Woodsmith, J., Apelt, L., Casado-Medrano, V., Özkan, Z., Timmermann, B., & Stelzl, U. (2017). Protein interaction perturbation profiling at amino-acid resolution. Nature methods, 14(12), 1213-1221. doi:10.1038/nmeth.4464.


Cite as: https://hdl.handle.net/11858/00-001M-0000-002E-1EEF-D
Abstract
The identification of genomic variants in healthy and diseased individuals continues to rapidly outpace our ability to functionally annotate these variants.
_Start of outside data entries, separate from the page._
(* Consider Cobb--Douglas exchange economies with $n$ agents and $m$ commodities such that every agent owns a strictly positive amount of every commodity ($e_{ij}>0$ for all $i\in[n]$, $j\in[m]$) and strong competitiveness holds both for the truthful and for the misreported profile (for every commodity $j$ there is an agent $k$ with $\alpha_{kj}>0$, and for every $j$ there is an agent $k$ with $\alpha'_{kj}>0$, where $\alpha'$ denotes the reported exponents when agent $i$ misreports). Then the incentive ratio is at most $m$: for every such economy, agent $i$ and misreport $u_i'$, $$\frac{u_i(x_i')}{u_i(x_i)}\le m,$$ where $x$ and $x'$ are the competitive equilibrium allocations under truthful reporting and under the misreport, respectively.
   Context: An exchange economy with $n$ agents and $m$ commodities is a tuple $((u_i)_{i=1}^n,(e_i)_{i=1}^n)$, with $u_i:\mathbb{R}_+^m\to\mathbb{R}$ and endowments $e_i\in\mathbb{R}_+^m$; without loss of generality $e_i\in[0,1]^m$ and $\sum_i e_{ij}=1$ for each $j$. Cobb--Douglas utilities are $u_k(x)=\prod_{j=1}^m x_j^{\alpha_{kj}}$ with $0\le\alpha_{kj}\le1$, $\sum_j\alpha_{kj}=1$. Given prices $p$, agent $k$'s demand is the set of maximizers of $u_k(x_k)$ subject to $p\cdot x_k\le p\cdot e_k$, $x_k\ge0$. A competitive equilibrium is a pair $(p,x)$ with markets clearing and each $x_k$ in agent $k$'s demand at $p$; under the stated assumptions the equilibrium price is unique (up to scaling) and positive. In the misreported scenario agent $i$ reports a Cobb--Douglas utility $u_i'$ with exponents $\alpha_i'$ while all others report truthfully, yielding equilibrium allocation $x'$, and $x_i'$ is evaluated with the true $u_i$. The incentive ratio is the supremum of $u_i(x_i')/u_i(x_i)$ over all such economies, agents and misreports. *)

theory Defs
  imports Complex_Main
begin

text \<open>Agents are indexed by k < n, commodities by j < m.
  Exponents: alpha :: nat => nat => real, alpha k j = exponent of agent k on good j.
  Endowments e k j, allocations x k j, prices p j.\<close>

definition cobb_douglas :: "nat \<Rightarrow> (nat \<Rightarrow> real) \<Rightarrow> (nat \<Rightarrow> real) \<Rightarrow> real" where
  "cobb_douglas m a y = (\<Prod>j<m. if a j = 0 then 1 else y j powr a j)"
  \<comment> \<open>x^a with the convention x^0 = 1 (powr has 0 powr 0 = 0)\<close>

definition valid_exponents :: "nat \<Rightarrow> (nat \<Rightarrow> real) \<Rightarrow> bool" where
  "valid_exponents m a \<longleftrightarrow> (\<forall>j<m. 0 \<le> a j \<and> a j \<le> 1) \<and> (\<Sum>j<m. a j) = 1"

definition valid_endowments :: "nat \<Rightarrow> nat \<Rightarrow> (nat \<Rightarrow> nat \<Rightarrow> real) \<Rightarrow> bool" where
  "valid_endowments n m e \<longleftrightarrow>
     (\<forall>k<n. \<forall>j<m. 0 \<le> e k j \<and> e k j \<le> 1) \<and> (\<forall>j<m. (\<Sum>k<n. e k j) = 1)"

definition strongly_competitive :: "nat \<Rightarrow> nat \<Rightarrow> (nat \<Rightarrow> nat \<Rightarrow> real) \<Rightarrow> bool" where
  "strongly_competitive n m a \<longleftrightarrow> (\<forall>j<m. \<exists>k<n. a k j > 0)"

definition price_dot :: "nat \<Rightarrow> (nat \<Rightarrow> real) \<Rightarrow> (nat \<Rightarrow> real) \<Rightarrow> real" where
  "price_dot m p y = (\<Sum>j<m. p j * y j)"

definition in_demand :: "nat \<Rightarrow> (nat \<Rightarrow> real) \<Rightarrow> (nat \<Rightarrow> real) \<Rightarrow> (nat \<Rightarrow> real) \<Rightarrow> (nat \<Rightarrow> real) \<Rightarrow> bool" where
  "in_demand m a w p y \<longleftrightarrow>
     (\<forall>j<m. 0 \<le> y j) \<and> price_dot m p y \<le> price_dot m p w \<and>
     (\<forall>z. (\<forall>j<m. 0 \<le> z j) \<and> price_dot m p z \<le> price_dot m p w
          \<longrightarrow> cobb_douglas m a z \<le> cobb_douglas m a y)"

definition competitive_equilibrium ::
  "nat \<Rightarrow> nat \<Rightarrow> (nat \<Rightarrow> nat \<Rightarrow> real) \<Rightarrow> (nat \<Rightarrow> nat \<Rightarrow> real) \<Rightarrow> (nat \<Rightarrow> real) \<Rightarrow> (nat \<Rightarrow> nat \<Rightarrow> real) \<Rightarrow> bool" where
  "competitive_equilibrium n m alpha e p x \<longleftrightarrow>
     (\<forall>j<m. 0 \<le> p j) \<and> (\<exists>j<m. p j \<noteq> 0) \<and>
     (\<forall>j<m. (\<Sum>k<n. x k j) = (\<Sum>k<n. e k j)) \<and>
     (\<forall>k<n. in_demand m (alpha k) (e k) p (x k))"

end

theory Submission
  imports Defs
begin

text \<open>At a Cobb-Douglas equilibrium every agent \<open>k\<close> spends the share \<open>alpha k t\<close> of her income
  \<open>w k = p \<cdot> e k\<close> on good \<open>t\<close>, so clearing gives the linear price equations
  \<open>p t = \<Sum>k. alpha k t * w k\<close>. Only agent \<open>i\<close>'s exponents differ between the truthful and the
  misreported economy, and the other agents' part of the system is strictly substochastic because
  \<open>e i\<close> is positive; a maximum principle then yields \<open>alpha' i t * w' i * p t \<le> w i * p' t\<close>.
  So at the truthful prices agent \<open>i\<close>'s misreport bundle costs at most \<open>w i\<close> per good, one
  \<open>m\<close>-th of it is affordable, and homogeneity of the utility gives the factor \<open>m\<close>.\<close>

lemma cobb_douglas_eq_exp_sum:
  assumes "\<forall>j<m. a j \<noteq> 0 \<longrightarrow> y j > 0"
  shows "cobb_douglas m a y = exp (\<Sum>j<m. if a j = 0 then 0 else a j * ln (y j))"
proof -
  have "cobb_douglas m a y = (\<Prod>j<m. exp (if a j = 0 then 0 else a j * ln (y j)))"
    unfolding cobb_douglas_def
    by (rule prod.cong) (use assms in \<open>auto simp: powr_def mult.commute\<close>)
  then show ?thesis
    by (simp add: exp_sum)
qed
Techniques that both systematically assay the functional consequences of nucleotide-resolution variation and can scale to hundreds of genes are urgently required. We designed a sensitive yeast two-hybrid-based 'off switch' for positive selection of interaction-disruptive variants from complex genetic libraries. Combined with massively parallel programmed mutagenesis and a sequencing readout, this method enables systematic profiling of protein-interaction determinants at amino-acid resolution. We defined >1,000 interaction-disrupting amino acid mutations across eight subunits of the BBSome, the major human cilia protein complex associated with the pleiotropic genetic disorder Bardet–Biedl syndrome. These high-resolution interaction-perturbation profiles provide a framework for interpreting patient-derived mutations across the entire protein complex and thus highlight how the impact of disease variation on interactome networks can be systematically assessed.